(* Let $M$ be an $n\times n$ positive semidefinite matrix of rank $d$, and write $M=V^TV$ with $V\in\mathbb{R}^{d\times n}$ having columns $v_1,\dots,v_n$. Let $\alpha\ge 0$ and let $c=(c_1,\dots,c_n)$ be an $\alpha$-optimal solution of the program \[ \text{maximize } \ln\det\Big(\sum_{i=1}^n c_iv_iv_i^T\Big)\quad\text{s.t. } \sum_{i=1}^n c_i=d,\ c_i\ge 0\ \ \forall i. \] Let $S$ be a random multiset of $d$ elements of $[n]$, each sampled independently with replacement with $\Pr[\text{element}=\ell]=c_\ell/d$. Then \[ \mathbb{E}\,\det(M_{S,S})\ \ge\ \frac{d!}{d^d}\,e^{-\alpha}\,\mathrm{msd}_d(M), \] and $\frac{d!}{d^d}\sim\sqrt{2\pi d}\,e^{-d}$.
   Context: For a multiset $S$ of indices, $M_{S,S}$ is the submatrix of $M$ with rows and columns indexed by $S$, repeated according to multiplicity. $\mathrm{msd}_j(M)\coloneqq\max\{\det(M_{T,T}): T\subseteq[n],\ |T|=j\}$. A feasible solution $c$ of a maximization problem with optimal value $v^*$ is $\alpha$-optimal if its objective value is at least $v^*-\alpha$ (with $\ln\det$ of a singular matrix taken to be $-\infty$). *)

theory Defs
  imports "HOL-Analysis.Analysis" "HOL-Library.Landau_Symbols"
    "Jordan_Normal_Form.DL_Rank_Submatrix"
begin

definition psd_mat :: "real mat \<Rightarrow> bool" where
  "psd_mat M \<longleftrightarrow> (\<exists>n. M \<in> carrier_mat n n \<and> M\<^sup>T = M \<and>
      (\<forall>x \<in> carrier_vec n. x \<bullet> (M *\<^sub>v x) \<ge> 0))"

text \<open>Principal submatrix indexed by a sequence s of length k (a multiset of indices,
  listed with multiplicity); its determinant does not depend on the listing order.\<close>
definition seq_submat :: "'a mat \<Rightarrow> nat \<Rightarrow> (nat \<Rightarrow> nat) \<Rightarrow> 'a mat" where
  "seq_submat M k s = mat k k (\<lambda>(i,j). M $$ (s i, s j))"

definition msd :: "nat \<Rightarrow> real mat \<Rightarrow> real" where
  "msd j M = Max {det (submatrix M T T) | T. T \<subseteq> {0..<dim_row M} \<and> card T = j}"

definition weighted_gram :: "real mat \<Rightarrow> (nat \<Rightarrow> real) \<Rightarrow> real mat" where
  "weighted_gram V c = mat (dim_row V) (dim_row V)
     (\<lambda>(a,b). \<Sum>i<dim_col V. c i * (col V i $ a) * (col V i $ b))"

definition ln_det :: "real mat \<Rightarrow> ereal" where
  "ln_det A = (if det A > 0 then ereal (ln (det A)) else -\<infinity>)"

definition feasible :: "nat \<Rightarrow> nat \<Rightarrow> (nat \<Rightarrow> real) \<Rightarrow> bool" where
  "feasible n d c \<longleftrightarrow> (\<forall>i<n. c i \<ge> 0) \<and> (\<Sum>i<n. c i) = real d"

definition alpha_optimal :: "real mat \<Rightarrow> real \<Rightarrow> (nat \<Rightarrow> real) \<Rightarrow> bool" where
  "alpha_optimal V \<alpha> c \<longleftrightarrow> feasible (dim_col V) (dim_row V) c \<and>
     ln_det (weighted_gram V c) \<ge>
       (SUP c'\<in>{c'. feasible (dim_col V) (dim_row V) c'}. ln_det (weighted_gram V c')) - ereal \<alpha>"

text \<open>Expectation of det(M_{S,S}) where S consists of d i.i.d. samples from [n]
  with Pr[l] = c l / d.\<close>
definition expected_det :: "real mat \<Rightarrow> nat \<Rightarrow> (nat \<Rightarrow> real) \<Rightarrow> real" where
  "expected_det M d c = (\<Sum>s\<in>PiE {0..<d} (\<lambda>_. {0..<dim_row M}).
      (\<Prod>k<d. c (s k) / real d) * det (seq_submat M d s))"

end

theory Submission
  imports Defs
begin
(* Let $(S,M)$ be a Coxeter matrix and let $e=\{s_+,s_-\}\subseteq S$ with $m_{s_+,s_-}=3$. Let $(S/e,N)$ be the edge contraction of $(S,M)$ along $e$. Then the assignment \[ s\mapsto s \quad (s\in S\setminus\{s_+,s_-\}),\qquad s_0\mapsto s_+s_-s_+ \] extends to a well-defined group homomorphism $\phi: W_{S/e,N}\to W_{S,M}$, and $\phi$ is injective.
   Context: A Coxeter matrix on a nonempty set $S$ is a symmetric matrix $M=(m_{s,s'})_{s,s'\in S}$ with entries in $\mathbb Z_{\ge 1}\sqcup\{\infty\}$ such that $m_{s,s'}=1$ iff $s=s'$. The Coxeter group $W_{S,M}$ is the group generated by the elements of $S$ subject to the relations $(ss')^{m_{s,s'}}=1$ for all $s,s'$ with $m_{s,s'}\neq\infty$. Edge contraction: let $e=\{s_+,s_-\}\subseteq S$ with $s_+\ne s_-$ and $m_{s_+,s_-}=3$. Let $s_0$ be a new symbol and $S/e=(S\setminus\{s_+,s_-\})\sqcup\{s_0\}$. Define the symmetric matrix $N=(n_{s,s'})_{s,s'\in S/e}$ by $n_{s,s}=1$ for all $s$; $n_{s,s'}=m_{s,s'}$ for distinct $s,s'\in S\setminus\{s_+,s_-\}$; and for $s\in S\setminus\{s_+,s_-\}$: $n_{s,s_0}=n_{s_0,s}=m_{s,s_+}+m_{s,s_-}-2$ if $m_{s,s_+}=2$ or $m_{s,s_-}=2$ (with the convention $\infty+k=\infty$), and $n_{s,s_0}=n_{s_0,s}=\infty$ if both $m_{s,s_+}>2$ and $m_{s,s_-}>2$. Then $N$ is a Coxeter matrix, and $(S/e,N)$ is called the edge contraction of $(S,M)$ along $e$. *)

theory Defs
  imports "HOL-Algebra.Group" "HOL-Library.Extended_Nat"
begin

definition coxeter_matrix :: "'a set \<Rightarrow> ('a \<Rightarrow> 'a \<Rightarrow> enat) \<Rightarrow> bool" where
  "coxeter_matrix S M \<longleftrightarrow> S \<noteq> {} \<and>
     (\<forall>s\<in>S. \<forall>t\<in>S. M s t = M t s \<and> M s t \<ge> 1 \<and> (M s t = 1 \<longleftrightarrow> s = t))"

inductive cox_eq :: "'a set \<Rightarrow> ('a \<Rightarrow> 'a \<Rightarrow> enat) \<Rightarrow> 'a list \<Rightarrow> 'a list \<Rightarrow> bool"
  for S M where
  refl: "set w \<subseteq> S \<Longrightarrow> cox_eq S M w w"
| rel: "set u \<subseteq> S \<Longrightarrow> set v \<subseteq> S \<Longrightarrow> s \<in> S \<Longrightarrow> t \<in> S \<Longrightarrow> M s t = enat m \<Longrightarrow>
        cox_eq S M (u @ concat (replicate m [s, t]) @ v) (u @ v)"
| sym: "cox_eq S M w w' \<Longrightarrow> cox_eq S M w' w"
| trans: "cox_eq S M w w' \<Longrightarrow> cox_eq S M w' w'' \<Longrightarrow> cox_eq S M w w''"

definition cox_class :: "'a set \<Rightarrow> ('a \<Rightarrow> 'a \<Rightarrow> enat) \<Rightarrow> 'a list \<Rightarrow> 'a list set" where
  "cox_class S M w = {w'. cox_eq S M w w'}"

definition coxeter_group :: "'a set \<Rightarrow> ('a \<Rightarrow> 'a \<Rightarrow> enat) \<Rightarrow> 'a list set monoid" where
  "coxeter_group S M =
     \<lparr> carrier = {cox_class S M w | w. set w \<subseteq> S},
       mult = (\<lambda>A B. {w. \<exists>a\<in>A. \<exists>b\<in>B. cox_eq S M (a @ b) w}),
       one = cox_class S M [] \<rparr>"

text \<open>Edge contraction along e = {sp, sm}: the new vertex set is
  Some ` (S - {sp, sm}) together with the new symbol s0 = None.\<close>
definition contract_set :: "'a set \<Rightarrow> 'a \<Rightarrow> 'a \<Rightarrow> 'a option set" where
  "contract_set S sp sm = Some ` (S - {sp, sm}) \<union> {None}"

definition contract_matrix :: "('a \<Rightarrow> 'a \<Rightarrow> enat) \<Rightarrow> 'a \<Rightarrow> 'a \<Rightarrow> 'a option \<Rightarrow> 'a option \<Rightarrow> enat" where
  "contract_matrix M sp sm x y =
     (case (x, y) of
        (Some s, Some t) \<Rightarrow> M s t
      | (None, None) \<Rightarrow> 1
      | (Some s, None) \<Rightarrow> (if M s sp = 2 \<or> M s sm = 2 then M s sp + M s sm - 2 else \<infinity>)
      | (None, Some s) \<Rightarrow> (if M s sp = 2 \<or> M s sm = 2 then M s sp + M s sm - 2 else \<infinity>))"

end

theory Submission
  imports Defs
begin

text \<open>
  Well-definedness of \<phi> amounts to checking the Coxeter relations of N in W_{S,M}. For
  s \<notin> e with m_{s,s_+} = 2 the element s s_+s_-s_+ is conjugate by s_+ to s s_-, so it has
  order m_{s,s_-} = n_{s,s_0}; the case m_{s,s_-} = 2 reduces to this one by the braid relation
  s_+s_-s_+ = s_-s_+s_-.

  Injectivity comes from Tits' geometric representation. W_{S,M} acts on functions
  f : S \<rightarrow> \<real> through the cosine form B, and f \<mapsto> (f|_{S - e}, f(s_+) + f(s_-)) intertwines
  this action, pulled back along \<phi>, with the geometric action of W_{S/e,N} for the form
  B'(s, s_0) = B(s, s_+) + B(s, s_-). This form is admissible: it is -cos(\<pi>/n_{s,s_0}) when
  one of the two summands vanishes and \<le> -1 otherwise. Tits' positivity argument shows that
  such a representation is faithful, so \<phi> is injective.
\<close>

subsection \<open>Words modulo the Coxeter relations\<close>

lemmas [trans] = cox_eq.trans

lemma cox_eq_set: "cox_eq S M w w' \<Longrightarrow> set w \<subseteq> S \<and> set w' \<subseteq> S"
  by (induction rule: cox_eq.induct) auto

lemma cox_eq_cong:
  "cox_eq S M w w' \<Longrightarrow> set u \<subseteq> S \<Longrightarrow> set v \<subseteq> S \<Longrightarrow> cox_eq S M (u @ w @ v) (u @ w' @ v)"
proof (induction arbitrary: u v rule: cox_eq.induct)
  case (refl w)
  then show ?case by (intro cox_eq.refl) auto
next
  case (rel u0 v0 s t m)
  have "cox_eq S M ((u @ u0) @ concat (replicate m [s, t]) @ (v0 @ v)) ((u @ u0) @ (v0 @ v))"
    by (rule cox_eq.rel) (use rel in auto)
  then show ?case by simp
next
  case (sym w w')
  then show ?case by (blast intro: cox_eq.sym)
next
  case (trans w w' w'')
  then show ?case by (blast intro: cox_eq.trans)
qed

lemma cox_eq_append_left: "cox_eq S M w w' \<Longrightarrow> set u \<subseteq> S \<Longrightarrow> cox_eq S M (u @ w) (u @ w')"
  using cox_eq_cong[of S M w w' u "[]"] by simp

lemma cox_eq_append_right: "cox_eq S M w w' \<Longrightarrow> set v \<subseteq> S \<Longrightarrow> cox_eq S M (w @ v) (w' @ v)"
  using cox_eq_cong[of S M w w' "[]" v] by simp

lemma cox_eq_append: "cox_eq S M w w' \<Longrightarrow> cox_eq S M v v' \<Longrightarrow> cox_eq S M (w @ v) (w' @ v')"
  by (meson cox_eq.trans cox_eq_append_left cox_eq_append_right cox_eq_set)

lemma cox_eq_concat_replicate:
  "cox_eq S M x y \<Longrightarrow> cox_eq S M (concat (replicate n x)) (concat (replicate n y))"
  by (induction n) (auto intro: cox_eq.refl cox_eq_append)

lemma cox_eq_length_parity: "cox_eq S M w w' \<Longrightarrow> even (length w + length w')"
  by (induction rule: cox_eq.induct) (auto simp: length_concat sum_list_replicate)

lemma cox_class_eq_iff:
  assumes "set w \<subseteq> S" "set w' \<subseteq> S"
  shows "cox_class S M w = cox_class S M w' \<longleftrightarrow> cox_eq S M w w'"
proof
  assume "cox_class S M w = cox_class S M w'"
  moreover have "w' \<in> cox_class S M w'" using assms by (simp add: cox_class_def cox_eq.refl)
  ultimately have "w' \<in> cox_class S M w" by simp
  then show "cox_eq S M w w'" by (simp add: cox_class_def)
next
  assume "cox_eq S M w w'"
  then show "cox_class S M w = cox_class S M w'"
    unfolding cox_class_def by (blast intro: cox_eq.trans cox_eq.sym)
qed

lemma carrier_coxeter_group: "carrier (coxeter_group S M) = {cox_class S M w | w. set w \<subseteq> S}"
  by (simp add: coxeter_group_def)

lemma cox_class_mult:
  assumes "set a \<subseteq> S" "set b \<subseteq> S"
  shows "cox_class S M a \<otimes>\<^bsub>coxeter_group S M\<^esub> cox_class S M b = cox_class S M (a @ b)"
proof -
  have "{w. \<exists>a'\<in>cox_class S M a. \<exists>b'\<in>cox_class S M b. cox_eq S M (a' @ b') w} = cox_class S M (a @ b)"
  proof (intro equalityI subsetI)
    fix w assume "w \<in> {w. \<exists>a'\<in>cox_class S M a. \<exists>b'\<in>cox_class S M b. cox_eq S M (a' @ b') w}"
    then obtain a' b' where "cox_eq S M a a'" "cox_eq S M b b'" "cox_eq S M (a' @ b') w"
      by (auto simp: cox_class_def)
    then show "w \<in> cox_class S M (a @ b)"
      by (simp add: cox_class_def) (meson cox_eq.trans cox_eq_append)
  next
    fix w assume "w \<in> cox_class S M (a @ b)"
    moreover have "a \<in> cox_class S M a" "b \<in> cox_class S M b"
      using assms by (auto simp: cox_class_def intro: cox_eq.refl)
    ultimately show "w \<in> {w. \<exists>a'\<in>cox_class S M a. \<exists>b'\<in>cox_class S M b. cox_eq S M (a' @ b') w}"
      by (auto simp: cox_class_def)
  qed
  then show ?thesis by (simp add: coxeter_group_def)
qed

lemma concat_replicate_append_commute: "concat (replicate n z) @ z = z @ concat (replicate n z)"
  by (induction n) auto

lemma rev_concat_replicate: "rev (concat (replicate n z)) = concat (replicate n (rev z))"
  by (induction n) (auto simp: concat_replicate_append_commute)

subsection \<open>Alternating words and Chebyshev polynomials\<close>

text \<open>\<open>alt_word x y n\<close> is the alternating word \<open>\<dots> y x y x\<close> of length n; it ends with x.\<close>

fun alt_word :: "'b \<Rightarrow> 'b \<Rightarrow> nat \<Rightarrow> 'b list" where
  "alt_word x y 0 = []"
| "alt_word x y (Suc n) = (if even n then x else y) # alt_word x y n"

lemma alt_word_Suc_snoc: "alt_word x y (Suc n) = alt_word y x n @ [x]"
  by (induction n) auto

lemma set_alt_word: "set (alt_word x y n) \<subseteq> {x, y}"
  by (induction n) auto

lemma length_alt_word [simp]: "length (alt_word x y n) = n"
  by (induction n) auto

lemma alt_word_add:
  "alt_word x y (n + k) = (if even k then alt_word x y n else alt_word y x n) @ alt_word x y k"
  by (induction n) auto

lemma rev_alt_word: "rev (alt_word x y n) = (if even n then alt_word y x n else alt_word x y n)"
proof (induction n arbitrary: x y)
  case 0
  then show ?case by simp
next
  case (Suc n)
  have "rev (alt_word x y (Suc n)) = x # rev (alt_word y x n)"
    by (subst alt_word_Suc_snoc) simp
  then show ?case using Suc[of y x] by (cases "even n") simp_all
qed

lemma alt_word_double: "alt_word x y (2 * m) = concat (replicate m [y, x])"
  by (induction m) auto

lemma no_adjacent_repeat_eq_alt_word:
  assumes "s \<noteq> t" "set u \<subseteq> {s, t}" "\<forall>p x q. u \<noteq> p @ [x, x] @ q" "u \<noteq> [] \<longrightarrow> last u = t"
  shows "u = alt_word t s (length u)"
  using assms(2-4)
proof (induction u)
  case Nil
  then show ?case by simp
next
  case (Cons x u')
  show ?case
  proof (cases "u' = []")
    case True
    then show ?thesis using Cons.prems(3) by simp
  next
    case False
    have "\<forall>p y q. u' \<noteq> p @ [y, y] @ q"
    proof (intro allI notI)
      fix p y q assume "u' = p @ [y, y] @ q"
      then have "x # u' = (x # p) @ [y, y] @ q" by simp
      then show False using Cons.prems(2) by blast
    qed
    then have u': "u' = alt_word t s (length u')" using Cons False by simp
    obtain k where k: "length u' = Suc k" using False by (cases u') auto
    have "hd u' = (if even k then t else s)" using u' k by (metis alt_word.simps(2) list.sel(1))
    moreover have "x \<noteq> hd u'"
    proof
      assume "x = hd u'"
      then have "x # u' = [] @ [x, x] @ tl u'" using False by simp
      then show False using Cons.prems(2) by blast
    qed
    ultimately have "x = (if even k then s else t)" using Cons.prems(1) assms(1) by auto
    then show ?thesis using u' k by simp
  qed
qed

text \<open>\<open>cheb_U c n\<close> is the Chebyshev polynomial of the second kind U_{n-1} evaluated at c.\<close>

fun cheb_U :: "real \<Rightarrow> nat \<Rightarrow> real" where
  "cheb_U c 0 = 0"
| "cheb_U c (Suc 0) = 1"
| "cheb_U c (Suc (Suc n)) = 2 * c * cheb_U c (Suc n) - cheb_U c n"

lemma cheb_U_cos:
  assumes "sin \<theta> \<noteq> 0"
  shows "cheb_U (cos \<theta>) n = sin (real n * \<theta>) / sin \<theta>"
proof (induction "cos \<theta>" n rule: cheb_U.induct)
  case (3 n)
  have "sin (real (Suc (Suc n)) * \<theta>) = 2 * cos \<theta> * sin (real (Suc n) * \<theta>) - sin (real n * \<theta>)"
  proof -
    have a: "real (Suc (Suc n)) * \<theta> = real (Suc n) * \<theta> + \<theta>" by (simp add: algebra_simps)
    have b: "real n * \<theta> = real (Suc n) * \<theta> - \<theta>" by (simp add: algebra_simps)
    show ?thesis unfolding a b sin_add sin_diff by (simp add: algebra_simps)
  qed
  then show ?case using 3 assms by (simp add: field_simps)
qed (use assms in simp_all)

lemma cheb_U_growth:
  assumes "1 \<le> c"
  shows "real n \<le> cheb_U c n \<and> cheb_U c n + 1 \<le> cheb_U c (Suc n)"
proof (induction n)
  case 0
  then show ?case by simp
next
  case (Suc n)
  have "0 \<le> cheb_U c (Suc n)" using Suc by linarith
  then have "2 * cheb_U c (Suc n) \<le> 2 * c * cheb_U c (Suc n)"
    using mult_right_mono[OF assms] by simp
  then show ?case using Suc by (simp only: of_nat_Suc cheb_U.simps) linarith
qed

_Problem to work on_: What is needed is a word-for-word copy of the records above, from the first line through the line that contains "M\<^sup>T = M \<and>".

_Task solution_:
(* Let $M$ be an $n\times n$ positive semidefinite matrix of rank $d$, and write $M=V^TV$ with $V\in\mathbb{R}^{d\times n}$ having columns $v_1,\dots,v_n$. Let $\alpha\ge 0$ and let $c=(c_1,\dots,c_n)$ be an $\alpha$-optimal solution of the program \[ \text{maximize } \ln\det\Big(\sum_{i=1}^n c_iv_iv_i^T\Big)\quad\text{s.t. } \sum_{i=1}^n c_i=d,\ c_i\ge 0\ \ \forall i. \] Let $S$ be a random multiset of $d$ elements of $[n]$, each sampled independently with replacement with $\Pr[\text{element}=\ell]=c_\ell/d$. Then \[ \mathbb{E}\,\det(M_{S,S})\ \ge\ \frac{d!}{d^d}\,e^{-\alpha}\,\mathrm{msd}_d(M), \] and $\frac{d!}{d^d}\sim\sqrt{2\pi d}\,e^{-d}$.
   Context: For a multiset $S$ of indices, $M_{S,S}$ is the submatrix of $M$ with rows and columns indexed by $S$, repeated according to multiplicity. $\mathrm{msd}_j(M)\coloneqq\max\{\det(M_{T,T}): T\subseteq[n],\ |T|=j\}$. A feasible solution $c$ of a maximization problem with optimal value $v^*$ is $\alpha$-optimal if its objective value is at least $v^*-\alpha$ (with $\ln\det$ of a singular matrix taken to be $-\infty$). *)

theory Defs
  imports "HOL-Analysis.Analysis" "HOL-Library.Landau_Symbols"
    "Jordan_Normal_Form.DL_Rank_Submatrix"
begin

definition psd_mat :: "real mat \<Rightarrow> bool" where
  "psd_mat M \<longleftrightarrow> (\<exists>n. M \<in> carrier_mat n n \<and> M\<^sup>T = M \<and>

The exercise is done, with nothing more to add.